There was a "I told you so" feeling.

When I was young a dinosaur ate my server, so now I always keep them
in dinosaur proof cages.

I know, you say dinosaurs are extinct, but I say better safe than sorry.

In the modern era (as opposed to the pre-historic era of 40 years
ago), we have huge controller disk caches that work similar to what
you describe. One solution for at least the last 2 decades is to use
an on board battery to maintain that disk controller cache.

Around 2000 I was working with always up (24x365) disk subsystems.
The ones I knew well were made by DEC, (I mean Compaq, (I guess I mean
HP)). The battery could maintain the cache contents for 7 days during
a hardware fault / power outage. They had the battery connected to the
system via a Y-connector. The y-connector was accessible with the
system operational. Thus if the battery died due to old age, you
connected up the new battery before you disconnected the old, ensuring
you didn't have a window of vulnerability during the battery
replacement. Further, if for some reason 7 days wasn't long enough,
You could charge a spare battery offline, then swap it out and keep
the cache valid indefinitely.

Committing to disk, and committing in the right order is important.

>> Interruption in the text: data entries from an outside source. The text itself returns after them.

text \<open>Exact factorization of the normalized Laplace transform: with h = z/n^{1/3}, the Taylor
  terms of order 1 and 2 cancel the centering and the Gaussian factor, order 3 produces
  psi(z), and what is left is a prefactor ratio times exp(n R(h)).\<close>

lemma normalized_mgf_factorization:
  fixes \<alpha> \<beta> :: real and z :: complex and k :: nat
  defines "n \<equiv> Suc k" and "c \<equiv> real (Suc k) powr (1/3)"
    and "a0 \<equiv> complex_of_real \<alpha>" and "h \<equiv> z / of_real (real (Suc k) powr (1/3))"
  assumes good: "a0 + h \<in> good_fields \<beta>"
  shows "ising_expect \<alpha> \<beta> n (\<lambda>\<sigma>. exp (z * of_real ((magnetization n \<sigma> - real n * ising_mbar \<alpha> \<beta>) / c)))
           * exp (- of_real (c * ising_var \<alpha> \<beta>) * z^2 / 2)
       = exp (- of_real (ising_kappa \<alpha> \<beta>) * z^3)
           * (prefactor \<beta> k (a0 + h) / prefactor \<beta> k a0 * (lam_plus \<beta> a0 / lam_plus \<beta> (a0 + h))
              * exp (of_nat n * log_lam_rem \<beta> a0 h))"
proof -
  define m v \<kappa> where "m = ising_mbar \<alpha> \<beta>" and "v = ising_var \<alpha> \<beta>" and "\<kappa> = ising_kappa \<alpha> \<beta>"
  define w where "w = log_lam \<beta> (a0 + h) - log_lam \<beta> a0"
  have c: "c > 0" "of_real c ^ 3 = (of_nat n :: complex)"
    using cube_root_scale(1,2)[of n] unfolding c_def n_def by (simp_all flip: of_real_power)
  have a0: "a0 \<in> good_fields \<beta>" unfolding a0_def by (rule real_field_good(1))
  have lam_nz: "lam_plus \<beta> a \<noteq> 0" if "a \<in> good_fields \<beta>" for a
    using that by (auto simp: good_fields_def)
  have G0: "prefactor \<beta> k a0 \<noteq> 0"
    using cZ_of_real_nonzero[of "Suc k" \<beta> \<alpha>] cZ_factorization[OF a0, of k] unfolding a0_def by auto
  have taylor: "w = of_real m * h + of_real v * h^2/2 - of_real \<kappa> * h^3 + log_lam_rem \<beta> a0 h"
    unfolding w_def log_lam_rem_def a0_def log_lam_derivs_at_real m_def v_def \<kappa>_def by simp
  have exponent: "- h * of_real (real n * m) + of_nat k * w + - of_real (c * v) * z^2 / 2
      = - of_real \<kappa> * z^3 + - w + of_nat n * log_lam_rem \<beta> a0 h"
  proof -
    have k: "(of_nat k :: complex) = of_nat n - 1" unfolding n_def by simp
    have "z = of_real c * h" unfolding h_def[folded c_def] using c(1) by simp
    then show ?thesis
      unfolding k taylor by (simp add: c(2)[symmetric] field_simps power2_eq_square power3_eq_cube)
  qed
  have ratio: "exp (- w) = lam_plus \<beta> a0 / lam_plus \<beta> (a0 + h)"
    unfolding w_def log_lam_def using lam_nz[OF good] lam_nz[OF a0] by (simp add: exp_diff exp_minus)
  have "ising_expect \<alpha> \<beta> n (\<lambda>\<sigma>. exp (z * of_real ((magnetization n \<sigma> - real n * m) / c)))
      = exp (- (z / of_real c) * of_real (real n * m)) * cZ \<beta> n (of_real \<alpha> + z / of_real c)
        / cZ \<beta> n (of_real \<alpha>)"
    by (rule expect_exp_magnetization) (use c(1) in simp)
  also have "\<dots> = exp (- h * of_real (real n * m))
        * (prefactor \<beta> k (a0 + h) * exp (of_nat k * log_lam \<beta> (a0 + h)))
        / (prefactor \<beta> k a0 * exp (of_nat k * log_lam \<beta> a0))"
    unfolding h_def[folded c_def, symmetric] a0_def[symmetric] n_def
      cZ_factorization[OF good] cZ_factorization[OF a0] ..
  also have "\<dots> = prefactor \<beta> k (a0 + h) / prefactor \<beta> k a0
      * exp (- h * of_real (real n * m) + (of_nat k * log_lam \<beta> (a0 + h) - of_nat k * log_lam \<beta> a0))"
    using G0 by (simp add: exp_add exp_diff exp_minus field_simps)
  also have "\<dots> = prefactor \<beta> k (a0 + h) / prefactor \<beta> k a0
      * exp (- h * of_real (real n * m) + of_nat k * w)"
    unfolding w_def by (simp add: right_diff_distrib)
  finally have expect: "ising_expect \<alpha> \<beta> n (\<lambda>\<sigma>. exp (z * of_real ((magnetization n \<sigma> - real n * m) / c)))
      = prefactor \<beta> k (a0 + h) / prefactor \<beta> k a0 * exp (- h * of_real (real n * m) + of_nat k * w)" .
  have "ising_expect \<alpha> \<beta> n (\<lambda>\<sigma>. exp (z * of_real ((magnetization n \<sigma> - real n * m) / c)))
        * exp (- of_real (c * v) * z^2 / 2)
      = prefactor \<beta> k (a0 + h) / prefactor \<beta> k a0
        * exp (- h * of_real (real n * m) + of_nat k * w + - of_real (c * v) * z^2 / 2)"
    unfolding expect exp_add[of _ "- of_real (c * v) * z^2 / 2"] by (simp only: mult.assoc)
  also have "\<dots> = exp (- of_real \<kappa> * z^3)
      * (prefactor \<beta> k (a0 + h) / prefactor \<beta> k a0 * exp (- w) * exp (of_nat n * log_lam_rem \<beta> a0 h))"
    unfolding exponent exp_add by (simp add: mult_ac)
  finally show ?thesis unfolding ratio m_def v_def \<kappa>_def .
qed

lemma correction_factor_tendsto_one:
  fixes \<alpha> \<beta> :: real and h :: "nat \<Rightarrow> complex"
  assumes \<beta>: "\<beta> \<ge> 0" and h: "h \<longlonglongrightarrow> 0"
  defines "a0 \<equiv> complex_of_real \<alpha>"
  shows "(\<lambda>n. prefactor \<beta> (n - 1) (a0 + h n) / prefactor \<beta> (n - 1) a0
               * (lam_plus \<beta> a0 / lam_plus \<beta> (a0 + h n))) \<longlonglongrightarrow> 1"
proof -
  have d0: "Re (disc \<beta> a0) > 0" and l0: "lam_plus \<beta> a0 \<noteq> 0"
    using real_field_good(1)[of \<alpha> \<beta>] unfolding a0_def good_fields_def by auto
  have ratio0: "norm (lam_minus \<beta> a0 / lam_plus \<beta> a0) < 1" unfolding a0_def by (rule real_field_good(2))
  have A0: "coefA \<beta> a0 \<noteq> 0" unfolding a0_def by (rule coefA_at_real_nonzero[OF \<beta>])
  have a: "(\<lambda>n. a0 + h n) \<longlonglongrightarrow> a0" using tendsto_add[OF tendsto_const h] by simp
  have m: "filterlim (\<lambda>n. n - 1) at_top sequentially" by (rule filterlim_minus_const_nat_at_top)
  have "(\<lambda>n. lam_plus \<beta> (a0 + h n)) \<longlonglongrightarrow> lam_plus \<beta> a0"
    by (rule isCont_tendsto_compose[OF isCont_eigen_data(1)[OF d0] a])
  then have "(\<lambda>n. prefactor \<beta> (n - 1) (a0 + h n) / prefactor \<beta> (n - 1) a0
               * (lam_plus \<beta> a0 / lam_plus \<beta> (a0 + h n)))
      \<longlonglongrightarrow> coefA \<beta> a0 / coefA \<beta> a0 * (lam_plus \<beta> a0 / lam_plus \<beta> a0)"
    using A0 l0 by (intro tendsto_intros prefactor_tendsto[OF d0 l0 ratio0 a m]
                       prefactor_tendsto[OF d0 l0 ratio0 tendsto_const m]) auto
  then show ?thesis using A0 l0 by simp
qed

lemma norm_exp_cubic_bound:
  fixes z :: complex and \<kappa> :: real
  assumes "norm z \<le> B"
  shows "norm (exp (- of_real \<kappa> * z^3)) \<le> exp (\<bar>\<kappa>\<bar> * B^3)"
proof -
  have "norm (exp (- of_real \<kappa> * z^3)) \<le> exp (norm (- of_real \<kappa> * z^3))"
    unfolding norm_exp_eq_Re by (rule exp_mono[OF complex_Re_le_cmod])
  also have "\<dots> \<le> exp (\<bar>\<kappa>\<bar> * B^3)"
    using assms norm_ge_zero[of z]
    by (simp add: norm_mult norm_power mult_left_mono power_mono del: norm_ge_zero)
  finally show ?thesis .
qed

text \<open>Pointwise form of the main theorem along an arbitrary bounded sequence of arguments z_n,
  which is what uniform convergence on compact sets reduces to.\<close>

lemma normalized_mgf_along_bounded_sequence:
  fixes \<alpha> \<beta> :: real and z :: "nat \<Rightarrow> complex"
  assumes \<beta>: "\<beta> \<ge> 0" and z: "\<And>n. norm (z n) \<le> B"
  shows "(\<lambda>n. ising_expect \<alpha> \<beta> n
              (\<lambda>\<sigma>. exp (z n * of_real ((magnetization n \<sigma> - real n * ising_mbar \<alpha> \<beta>) / real n powr (1/3))))
            * exp (- of_real (real n powr (1/3) * ising_var \<alpha> \<beta>) * (z n)^2 / 2)
          - exp (- of_real (ising_kappa \<alpha> \<beta>) * (z n)^3)) \<longlonglongrightarrow> 0"
proof -
  define a0 where "a0 = complex_of_real \<alpha>"
  define h where "h n = z n / of_real (real n powr (1/3))" for n
  define \<psi> where "\<psi> n = exp (- of_real (ising_kappa \<alpha> \<beta>) * (z n)^3)" for n
  have a0: "a0 \<in> good_fields \<beta>" unfolding a0_def by (rule real_field_good(1))
  obtain r C where r: "r > 0" and good: "\<And>h. norm h \<le> r \<Longrightarrow> a0 + h \<in> good_fields \<beta>"
    and rem: "\<And>h. norm h \<le> r \<Longrightarrow> norm (log_lam_rem \<beta> a0 h) \<le> C * norm h ^ 4"
    using log_lam_taylor[OF a0] by blast
  have h: "h \<longlonglongrightarrow> 0" unfolding h_def by (rule scaled_bounded_tendsto_zero[OF z])
  have "\<forall>\<^sub>F n in sequentially. norm (h n) < r" using h r unfolding tendsto_iff dist_norm by simp
  then have small: "\<forall>\<^sub>F n in sequentially. norm (h n) \<le> r" by eventually_elim simp
  define Q where "Q n = prefactor \<beta> (n - 1) (a0 + h n) / prefactor \<beta> (n - 1) a0
                        * (lam_plus \<beta> a0 / lam_plus \<beta> (a0 + h n))" for n
  have Q: "Q \<longlonglongrightarrow> 1" unfolding Q_def a0_def by (rule correction_factor_tendsto_one[OF \<beta> h])
  have R: "(\<lambda>n. of_nat n * log_lam_rem \<beta> a0 (h n)) \<longlonglongrightarrow> 0"
    unfolding h_def by (rule scaled_quartic_remainder_tendsto[OF r rem z])
  have error: "(\<lambda>n. Q n * exp (of_nat n * log_lam_rem \<beta> a0 (h n)) - 1) \<longlonglongrightarrow> 0"
    using tendsto_diff[OF tendsto_mult[OF Q tendsto_exp[OF R]] tendsto_const[of 1]] by simp
  have \<psi>_bound: "norm (\<psi> n) \<le> exp (\<bar>ising_kappa \<alpha> \<beta>\<bar> * B^3)" for n
    unfolding \<psi>_def by (rule norm_exp_cubic_bound[OF z])
  have factor: "\<forall>\<^sub>F n in sequentially.
      ising_expect \<alpha> \<beta> n
        (\<lambda>\<sigma>. exp (z n * of_real ((magnetization n \<sigma> - real n * ising_mbar \<alpha> \<beta>) / real n powr (1/3))))
      * exp (- of_real (real n powr (1/3) * ising_var \<alpha> \<beta>) * (z n)^2 / 2) - \<psi> n
      = \<psi> n * (Q n * exp (of_nat n * log_lam_rem \<beta> a0 (h n)) - 1)"
    using eventually_ge_at_top[of "1::nat"] small
  proof eventually_elim
    case (elim n)
    then obtain k where n: "n = Suc k" by (cases n) auto
    show ?case
      using normalized_mgf_factorization[of \<alpha> "z n" k \<beta>] good[OF elim(2)]
      unfolding n Q_def h_def \<psi>_def a0_def by (simp add: algebra_simps)
  qed
  show ?thesis
  proof (rule Lim_null_comparison)
    show "\<forall>\<^sub>F n in sequentially. norm (ising_expect \<alpha> \<beta> n
              (\<lambda>\<sigma>. exp (z n * of_real ((magnetization n \<sigma> - real n * ising_mbar \<alpha> \<beta>) / real n powr (1/3))))
            * exp (- of_real (real n powr (1/3) * ising_var \<alpha> \<beta>) * (z n)^2 / 2)
          - exp (- of_real (ising_kappa \<alpha> \<beta>) * (z n)^3))
        \<le> exp (\<bar>ising_kappa \<alpha> \<beta>\<bar> * B^3) * norm (Q n * exp (of_nat n * log_lam_rem \<beta> a0 (h n)) - 1)"
      using factor unfolding \<psi>_def[symmetric]
      by eventually_elim (simp add: norm_mult mult_right_mono \<psi>_bound)
    show "(\<lambda>n. exp (\<bar>ising_kappa \<alpha> \<beta>\<bar> * B^3) * norm (Q n * exp (of_nat n * log_lam_rem \<beta> a0 (h n)) - 1))
        \<longlonglongrightarrow> 0"
      using tendsto_mult[OF tendsto_const tendsto_norm[OF error]] by simp
  qed
qed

Yes, and in the last 40 years a lot of effort has gone into making
sure the order is right.

Even only 20 years ago, the only status of a cache was clean or dirty.
If it was dirty you had to issue a cache flush command to ensure any
given piece of data was written to data.

Fortunately, 15 years ago the ATA command set was enhanced to have a
"force unit access" (FUA) command that allowed a specific data write
to not be acknowledged as complete until the data written was on
"stable storage".

If you read a XFS or RAID mailing list you will see they strongly urge
against hardware cache systems that falsely report success for a FUA
write operation. The exception is if the user has a battery backup
system like the above that they trust and therefore the cache itself
is considered stable.

For my normal activity, I need reliable operation, but not 7x365 so I
can easily accept a hardware cache that requires downtime to swap out
the battery.

The Linux kernel cache definitely allows FUA type writes from the
filesystem level to propagate down the software stack to force a
specific write out to a disk controller.

A write cache that 'accelerates' by releases the system call while
deferring the actual transfer from the cache to storage simply cannot
guarantee the integrity of the file system in the event of, for example,
a power loss.

Thus the introduction of FUA writes 15 years ago. Hopefully any
modern hardare based disk caching solution honors FUA write requests.

Certainly a SSD, which will retain content, can, if the
supporting software is there to do the job, ameliorate this. It gets
back to the issue of the window/timing. But there are a few too many
'ifs" in this to inspire confidence in an old cynic like me.

As long as the FUA commands are honored, the filesystem should be
trustworthy even with a large data cache.

Caching the read is also something that should be looked at critically.
All in all the internal algorithms for memory allocation and mapping
can probably make better use of memory than if it is externalized such
as the memory on those accelerator boards.
This is true for a number of reason but most of all that the OS knows
better what it needs to cache based on the process activity.

Agreed except in the case of a shared external storage subsystem. I
assume you've seen Per's posts about iSCSI systems.

Basically you setup a server with lots of disk and ram to act as a
dedicated storage server and export out iSCSI volumes. Then you have
other machines (typically servers) that import those iSCSI volumes and
mount them just as they would a physical ATA / SCSI disk.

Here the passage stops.